The K control is a capillary temperature control which uses a CFC-free vapour-filled sensor. As the temperature increases the fill expands; changes in pressure cause a bellows to expand or contract, actuating a lever system to trigger a switch. The switch activates or de-activates the compressor within the refrigerator.
Frangi says the manufacture of most of the elements for the K Control is between 100 and 50ppm defects.
`If things go unexpectedly wrong, the rate goes up,’ he says.
But the integrity of the control rests largely with the performance of the bellows, and the manufacture of the bellows capsule already operates at the six sigma level.
An automated welding technique for the capsule devised by Ranco has removed almost all quality problems and four automated K bellows manufacturing lines have been installed at Plymouth.
`Zero failure rate of the bellows is crucial. The K controls are tested to one million cycles and have never failed – the compressor in a domestic refrigerator withstands on average about 700,000 on-off cycles during its life,’ says Frangi.
Quality standards set by customers have played a significant part in Ranco’s approach to quality. UK general manager Pat Hayne is proud of its quality awards – all at the top level – from customers such as Ford, Electrolux and Hotpoint.
`Each of the customers has a very different approach to quality standards and they want to us to be able to meet their own specific criteria,’ he says. `We have a long history of high quality standards, and that is not isolated to production.’
A quality steering committee, made up of plant managers, production manager, quality manager and personnel and training manager, meets bi-monthly to set strategy and procedures for total quality.

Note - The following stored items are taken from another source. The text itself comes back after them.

lemma sc_defeats_add_voter:
  assumes P: "is_profile Pr" and i: "i \<notin> voters Pr" and R: "strict_linear_order_on (cands Pr) R"
    and M3: "3 \<le> margin Pr x y" and Ryx: "R y x"
    and H: "y \<in> H" "x \<notin> H" "\<And>a b. a \<in> H \<Longrightarrow> margin Pr x y \<le> margin Pr a b \<Longrightarrow> b \<in> H"
    and leave: "\<And>a b. a \<in> H \<Longrightarrow> b \<in> cands Pr - H \<Longrightarrow> R a b \<Longrightarrow> a = y \<and> margin Pr y b \<le> 0"
  shows "sc_defeats (add_voter Pr i R) x y" and "margin (add_voter Pr i R) x y = margin Pr x y - 1"
proof -
  let ?P' = "add_voter Pr i R" and ?M = "margin Pr x y"
  have P': "is_profile ?P'" using is_profile_add_voter[OF P i R] .
  have "0 < margin Pr x y" using M3 by simp
  then have xy: "x \<in> cands Pr" "y \<in> cands Pr" "x \<noteq> y" by (fact margin_pos_imp_cands[OF P])+
  have "\<not> R x y" using R Ryx unfolding strict_linear_order_on_def by blast
  then show M': "margin ?P' x y = ?M - 1" using margin_add_voter[OF P i R xy] by simp
  have "path_strength ?P' xs < ?M - 1"
    if xs: "majority_path ?P' xs" "hd xs = y" "last xs = x" for xs
  proof -
    have "xs \<noteq> []" using xs(1) unfolding majority_path_def by auto
    then obtain k where k: "Suc k < length xs" "xs ! k \<in> H" "xs ! Suc k \<notin> H"
      using list_leaves_set[of xs H] xs(2,3) H(1,2) by blast
    let ?a = "xs ! k" and ?b = "xs ! Suc k"
    have "0 < margin ?P' ?a ?b" using xs(1) k(1) unfolding majority_path_def by blast
    then have ab: "?a \<in> cands Pr" "?b \<in> cands Pr" "?a \<noteq> ?b"
      using margin_pos_imp_cands[OF P'] by auto
    have "margin Pr ?a ?b < ?M" using H(3) k(2,3) by force
    moreover have "margin Pr y ?b \<le> 0 \<and> ?a = y" if "R ?a ?b"
      using leave[OF k(2) _ that] ab(2) k(3) by blast
    ultimately have "margin ?P' ?a ?b < ?M - 1"
      using margin_add_voter[OF P i R ab] M3 by (auto split: if_splits)
    moreover have "path_strength ?P' xs \<le> margin ?P' ?a ?b"
      using path_strength_ge_iff[OF xs(1)] k(1) by blast
    ultimately show ?thesis by linarith
  qed
  then show "sc_defeats ?P' x y" using M' M3 unfolding sc_defeats_def by auto
qed

lemma separating_ballot_exists:
  assumes P: "is_profile Pr" and "0 < margin Pr x y" and H: "y \<in> H" "x \<notin> H"
  obtains R where "strict_linear_order_on (cands Pr) R" and "R y x"
    and "\<forall>z\<in>cands Pr. z \<noteq> y \<longrightarrow> \<not> 0 < margin Pr y z \<longrightarrow> R y z"
    and "\<And>a b. a \<in> H \<Longrightarrow> b \<in> cands Pr - H \<Longrightarrow> R a b \<Longrightarrow> a = y \<and> margin Pr y b \<le> 0"
proof -
  have xy: "x \<in> cands Pr" "y \<in> cands Pr" "x \<noteq> y" by (fact margin_pos_imp_cands[OF P assms(2)])+
  obtain v where "v \<in> voters Pr" using P unfolding is_profile_def by blast
  then have v: "strict_linear_order_on (cands Pr) (ballot Pr v)" using P unfolding is_profile_def by blast
  define lvl :: "_ \<Rightarrow> nat" where
    "lvl z = (if z = y then 1 else if z \<in> H then 3 else if 0 < margin Pr y z then 0 else 2)" for z
  define R where
    "R a b \<longleftrightarrow> a \<in> cands Pr \<and> b \<in> cands Pr \<and> (lvl a < lvl b \<or> lvl a = lvl b \<and> ballot Pr v a b)"
    for a b
  show ?thesis
  proof (rule that)
    show "strict_linear_order_on (cands Pr) R"
      unfolding R_def by (rule strict_linear_order_on_lex[OF v])
    have "margin Pr y x < 0" using assms(2) margin_antisym[of Pr y x] by simp
    then show "R y x" using xy H(2) unfolding R_def lvl_def by auto
    show "\<forall>z\<in>cands Pr. z \<noteq> y \<longrightarrow> \<not> 0 < margin Pr y z \<longrightarrow> R y z"
      using xy unfolding R_def lvl_def by auto
    show "a = y \<and> margin Pr y b \<le> 0" if "a \<in> H" "b \<in> cands Pr - H" "R a b" for a b
    proof -
      have "lvl a \<in> {1, 3}" "lvl b \<in> {0, 2}" "b \<noteq> y"
        using that(1,2) H(1) unfolding lvl_def by auto
      moreover have "lvl a \<le> lvl b" using that(3) unfolding R_def by auto
      ultimately have "lvl a = 1" "lvl b = 2" by auto
      then show ?thesis using \<open>b \<noteq> y\<close> unfolding lvl_def by (auto split: if_splits)
    qed
  qed
qed

lemma sc_defeated_winner_reduce_margin:
  fixes F :: "('v, 'c) profile \<Rightarrow> 'c set"
  assumes "infinite (UNIV :: 'v set)" and CD: "coherent_defeat F"
    and TPI: "tolerant_positive_involvement F"
    and P: "is_profile Pr" and yF: "y \<in> F Pr" and d: "sc_defeats Pr x y"
  obtains Pr' where "is_profile Pr'" and "y \<in> F Pr'" and "sc_defeats Pr' x y"
    and "margin Pr' x y = margin Pr x y - 1"
proof -
  let ?M = "margin Pr x y"
  have M3: "3 \<le> ?M" using coherent_defeat_sc_defeats_margin_ge_3[OF CD P yF d] .
  define H where "H = {z. (\<lambda>a b. ?M \<le> margin Pr a b)\<^sup>*\<^sup>* y z}"
  have H: "y \<in> H" "x \<notin> H" "\<And>a b. a \<in> H \<Longrightarrow> ?M \<le> margin Pr a b \<Longrightarrow> b \<in> H"
    using sc_defeats_not_rtranclp[OF d] unfolding H_def by (auto intro: rtranclp.rtrancl_into_rtrancl)
  have "0 < ?M" using M3 by simp
  then obtain R where R: "strict_linear_order_on (cands Pr) R" and Ryx: "R y x"
    and tolerant: "\<forall>z\<in>cands Pr. z \<noteq> y \<longrightarrow> \<not> 0 < margin Pr y z \<longrightarrow> R y z"
    and leave: "\<And>a b. a \<in> H \<Longrightarrow> b \<in> cands Pr - H \<Longrightarrow> R a b \<Longrightarrow> a = y \<and> margin Pr y b \<le> 0"
    using separating_ballot_exists[OF P _ H(1,2)] by blast
  have "finite (voters Pr)" using P unfolding is_profile_def by blast
  then obtain i where i: "i \<notin> voters Pr" using ex_new_if_finite[OF assms(1)] by blast
  show ?thesis
  proof (rule that)
    show "is_profile (add_voter Pr i R)" using P i R by (rule is_profile_add_voter)
    show "y \<in> F (add_voter Pr i R)"
      using TPI P yF i R tolerant unfolding tolerant_positive_involvement_def by blast
    show "sc_defeats (add_voter Pr i R) x y"
      using P i R M3 Ryx H leave by (rule sc_defeats_add_voter(1))
    show "margin (add_voter Pr i R) x y = ?M - 1"
      using P i R M3 Ryx H leave by (rule sc_defeats_add_voter(2))
  qed
qed

lemma winner_not_sc_defeated:
  fixes F :: "('v, 'c) profile \<Rightarrow> 'c set"
  assumes "infinite (UNIV :: 'v set)" and "coherent_defeat F" and "tolerant_positive_involvement F"
    and "is_profile Pr" and "y \<in> F Pr"
  shows "\<not> sc_defeats Pr x y"
  using assms(4,5)
proof (induction "nat (margin Pr x y)" arbitrary: Pr rule: less_induct)
  case less
  show ?case
  proof
    assume d: "sc_defeats Pr x y"
    then obtain Pr' where "is_profile Pr'" "y \<in> F Pr'" "sc_defeats Pr' x y"
      and "margin Pr' x y = margin Pr x y - 1"
      using sc_defeated_winner_reduce_margin[OF assms(1-3) less.prems] by blast
    moreover have "0 < margin Pr x y" using d unfolding sc_defeats_def by blast
    ultimately show False using less.hyps by fastforce
  qed
qed

theorem theorem6p5:
  fixes F :: "('v, 'c) profile \<Rightarrow> 'c set"
  assumes "infinite (UNIV :: 'v set)" and "infinite (UNIV :: 'c set)"
    and "vscc F" and "coherent_defeat F" and "tolerant_positive_involvement F"
    and "is_profile Pr"
  shows "F Pr \<subseteq> split_cycle Pr"
proof
  fix y assume y: "y \<in> F Pr"
  then have "y \<in> cands Pr" using assms(3,6) unfolding vscc_def by blast
  with y show "y \<in> split_cycle Pr"
    using winner_not_sc_defeated[OF assms(1,4,5,6)] unfolding split_cycle_def by blast
qed

end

A huge range of products on offer means that manufacturing must be flexible. Kits are made to order and very little is kept in stock. There are 10 models for domestic refrigerators available, but 2,800 variations, and they are offered in batch sizes of 100 to 100,000.

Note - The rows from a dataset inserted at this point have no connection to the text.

text \<open>The monoid underlying \<open>S\<^sub>n\<close> is a product of \<open>n\<close> bicyclic monoids, so every element of
  \<open>S\<^sub>n\<close> has well-defined coefficients at the normal forms \<open>x\<^sup>a y\<^sup>b\<close> (taken componentwise).
  If \<open>g\<close> fixes the \<open>x\<^sub>i\<close>, then \<open>a = g(y\<^sub>i)\<close> satisfies \<open>a x\<^sub>i = 1\<close> and commutes with
  \<open>x\<^sub>j\<close> for \<open>j \<noteq> i\<close>; comparing coefficients forces \<open>a = y\<^sub>i + p\<^sub>i e\<^sub>i\<close> with
  \<open>e\<^sub>i = 1 - x\<^sub>i y\<^sub>i\<close> and \<open>p\<^sub>i \<in> K[x]\<close>. Conversely such an assignment extends to an
  endomorphism iff the images of \<open>y\<^sub>i\<close> and \<open>y\<^sub>j\<close> commute, and their commutator is the
  polynomial of the defining condition times \<open>e\<^sub>i e\<^sub>j\<close>.
  Composition gives \<open>\<sigma>\<^sub>p \<sigma>\<^sub>q (y\<^sub>i) = y\<^sub>i + (p\<^sub>i + q\<^sub>i - q\<^sub>i x\<^sub>i p\<^sub>i) e\<^sub>i\<close>, which is symmetric in
  \<open>p\<close> and \<open>q\<close>. Every nonzero ideal contains a nonzero multiple of the idempotent
  \<open>e\<^sub>1 \<cdots> e\<^sub>n\<close>, which \<open>\<sigma>\<^sub>p\<close> does not annihilate, so \<open>\<sigma>\<^sub>p\<close> is injective. If \<open>\<sigma>\<^sub>p\<close> were
  bijective, its inverse \<open>\<sigma>\<^sub>q\<close> would give \<open>p\<^sub>i + q\<^sub>i = q\<^sub>i x\<^sub>i p\<^sub>i\<close> in \<open>K[x]\<close>, and
  comparing leading monomials yields \<open>p\<^sub>i = 0\<close>.\<close>

section \<open>Normal forms in the monoid\<close>

text \<open>The pair \<open>(a, b)\<close> stands for \<open>x\<^sup>a y\<^sup>b\<close>; since \<open>y x = 1\<close>, the word \<open>x\<^sup>a y\<^sup>b x\<^sup>c y\<^sup>d\<close>
  reduces to the normal form computed here (the bicyclic monoid).\<close>
definition bicyclic_mult :: "nat \<times> nat \<Rightarrow> nat \<times> nat \<Rightarrow> nat \<times> nat" where
  "bicyclic_mult u v = (if fst v \<le> snd u then (fst u, snd u - fst v + snd v)
     else (fst u + fst v - snd u, snd v))"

Manufacturing cells are dedicated to different models, with up to 50 cells working on controls for Electrolux. The aim is to give people working in the cells responsibility for the quality of the products which they produce.
`With the cell approach we can make hundreds of models just as easily as bigger batches – but there is some extra cost in the small batches and we have to be careful with smaller customers,’ says Hayne.

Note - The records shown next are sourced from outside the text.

lemma (in prob_space) prob_ge_1_minus_bad_events:
  assumes "S \<in> events" "B1 \<in> events" "B2 \<in> events" "space M - (B1 \<union> B2) \<subseteq> S"
  shows "1 - (prob B1 + prob B2) \<le> prob S"
proof -
  have "prob (space M - (B1 \<union> B2)) \<le> prob S"
    using assms by (intro finite_measure_mono)
  moreover have "prob (space M - (B1 \<union> B2)) = 1 - prob (B1 \<union> B2)"
    using assms by (intro prob_compl) auto
  moreover have "prob (B1 \<union> B2) \<le> prob B1 + prob B2"
    using assms by (intro measure_Un_le) auto
  ultimately show ?thesis by linarith
qed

Frangi says an important element of Ranco’s approach to quality starts when automated machinery for its production lines are designed and built.
Much of the design and engineering of its manufacturing processes are carried out at Ranco’s Italian base in Lamazzo.
Higher labour costs in Italy mean that the Italian plant is more highly automated than those in the UK and technology is transferred to Plymouth once tried and tested in Italy, and once a realistic payback is possible.
But automation is not always a guarantee of high quality standards. `With increased automation, the risk of systematic mistakes is bigger, but you can put it right much more easily,’ he says.
`Continuous improvement is built in to everything we do. Last year, for example, defects from a brazing operation went up. Two ideas from Italian and British engineers were used to solve the problems and reduce the failure rate,’ says Frangi.
Transferable quality standards are important to Ranco, as its customers increasingly operate on a global basis. A recent deal with Electrolux, worth £40m over three years, means controls will be manufactured around the world to a common standard.
`We have invested a lot in automation in the last few years to reduce costs and improve quality. We ensure that we design our machines in such a way that manufacturing facilities can be set up anywhere,’ he says.
The challenge for Ranco is to push more of its production to the six sigma level. `It is very difficult to drive the final defects from the last system – from five and a half to six sigma,’ says Hayne.
`Six sigma sets a clear target for quality and gives us a positive measurement of what we are achieving,’ he says.